To borrow an overused phrase: the vibe has shifted. And the visceral turn in the culture against political art is just evidence of that. People are over it – no one wants to know what Dua Lipa thinks about Black Lives Matters any more. I am happy about this for the most part. I also do not want to know what Dua Lipa thinks about Black Lives Matters, or Jonathan Coe about Brexit or Ed Sheeran about anything. I do not think that moment in the late 2010s when everything had to be inflected with a righteous political motive, or message, was conducive to a healthy artistic realm. It was certainly conducive to a boring one.
But need I remind anyone that what we are talking about here is a protest album. Something that is necessarily and definitionally at the meeting point of art and politics – you may ask U2 not to make a protest album at all, call it unfashionable, call it wearying. In that instance, you might as well just ask Bono and U2 not to exist at all. But you cannot will it to be devoid of politics altogether. When it comes to assessing things on their own terms, you would have to be a dreadful cynic – a competitively apathetic person – to find much to dislike in Days of Ash at all.

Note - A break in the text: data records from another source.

(* The sub-set-operad $\mathrm{RWS}_\odot$ of $\mathrm{RWS}$ generated by $A_\succ$, $A_\prec$ and $A_\odot$ consists exactly of the recursively labelled red and white trees in which every node has at most one label and which avoid the two patterns: (i) no node with a nonempty label set has a red child; (ii) no white node has two (or more) red children.
   Context: Red and white trees: $\mathrm{RW}(n)$ is the set of finite rooted trees (children unordered) whose nodes $z$ carry possibly empty label sets $L(z)\subseteq[n]$ partitioning $[n]$, each empty node having at least two children; labelled nodes are white, an empty node is red iff all its children are white (so an empty white node has a red child). Composition $T_1\circ_xT_2$ ($T_1\in\mathrm{RW}(m)$, $T_2\in\mathrm{RW}(n)$): relabel $T_1$ by $y\mapsto y+n-1$ for $y>x$ and $T_2$ by $y\mapsto y+x-1$; $z\ni x$ in $T_1$, $r$ = root of $T_2$. (W) $r$ not red: remove $x$ from $L(z)$, add $L(r)$ to $L(z)$, children of $r$ become children of $z$. (R1) $r$ red, $T_1$ the single node $\{x\}$: result $T_2$. (R2) $r$ red and ($z$ has a child or $|L(z)|\ge2$): remove $x$ from $L(z)$, attach $T_2$ as child subtree of $z$. (R3) $r$ red, $z$ non-root leaf with $L(z)=\{x\}$: delete $z$, children of $r$ become children of the parent of $z$. Colours recomputed. A tree is recursively labelled if for each node the union of label sets in its subtree is an interval of integers. $\mathrm{RWS}$ is the sub-set-operad generated by $A_\mu$ (single node $\{1,2\}$), $A_\prec$ (root $\{1\}$ with child $\{2\}$), $A_\succ$ (root $\{2\}$ with child $\{1\}$), $A_\odot$ (empty red root with children $\{1\},\{2\}$). *)

theory Defs
  imports Main "HOL-Library.Multiset"
begin

datatype rwt = Node (lab: "nat set") (kids: "rwt multiset")

primrec red :: "rwt \<Rightarrow> bool" where
  "red (Node L K) = (L = {} \<and> True \<notin># image_mset red K)"

definition white :: "rwt \<Rightarrow> bool" where
  "white t = (\<not> red t)"

primrec wf_rw :: "rwt \<Rightarrow> bool" where
  "wf_rw (Node L K) = (finite L \<and> (L = {} \<longrightarrow> size K \<ge> 2) \<and> False \<notin># image_mset wf_rw K)"

primrec labs :: "rwt \<Rightarrow> nat multiset" where
  "labs (Node L K) = mset_set L + sum_mset (image_mset labs K)"

primrec alllabs :: "rwt \<Rightarrow> nat set" where
  "alllabs (Node L K) = L \<union> \<Union> (set_mset (image_mset alllabs K))"

text \<open>RW(n): label sets partition [n] = {1..n}.\<close>
definition RW :: "nat \<Rightarrow> rwt \<Rightarrow> bool" where
  "RW n t = (wf_rw t \<and> labs t = mset_set {1..n})"

primrec subtrees :: "rwt \<Rightarrow> rwt set" where
  "subtrees (Node L K) = insert (Node L K) (\<Union> (set_mset (image_mset subtrees K)))"

definition is_int_interval :: "nat set \<Rightarrow> bool" where
  "is_int_interval S = (\<exists>a b. S = {a..b})"

definition rec_labelled :: "rwt \<Rightarrow> bool" where
  "rec_labelled t = (\<forall>s \<in> subtrees t. is_int_interval (alllabs s))"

Here you have a band ageing into a new style, with new ambitions and motivations, sitting in a studio and finally after nearly a decade making new music. Yes the lyrics sound like Bono – Bono has always sounded like Bono, what with all that earnest religiosity and allegory. But if art is going to aspire to the political (and most of the time I wish it wouldn’t) is this not how it ought to be? Honest about its intentions, uncomplicated in its message and sanctimonious about something that really does warrant sanctimony? That’s how you marry art with argument. If you must.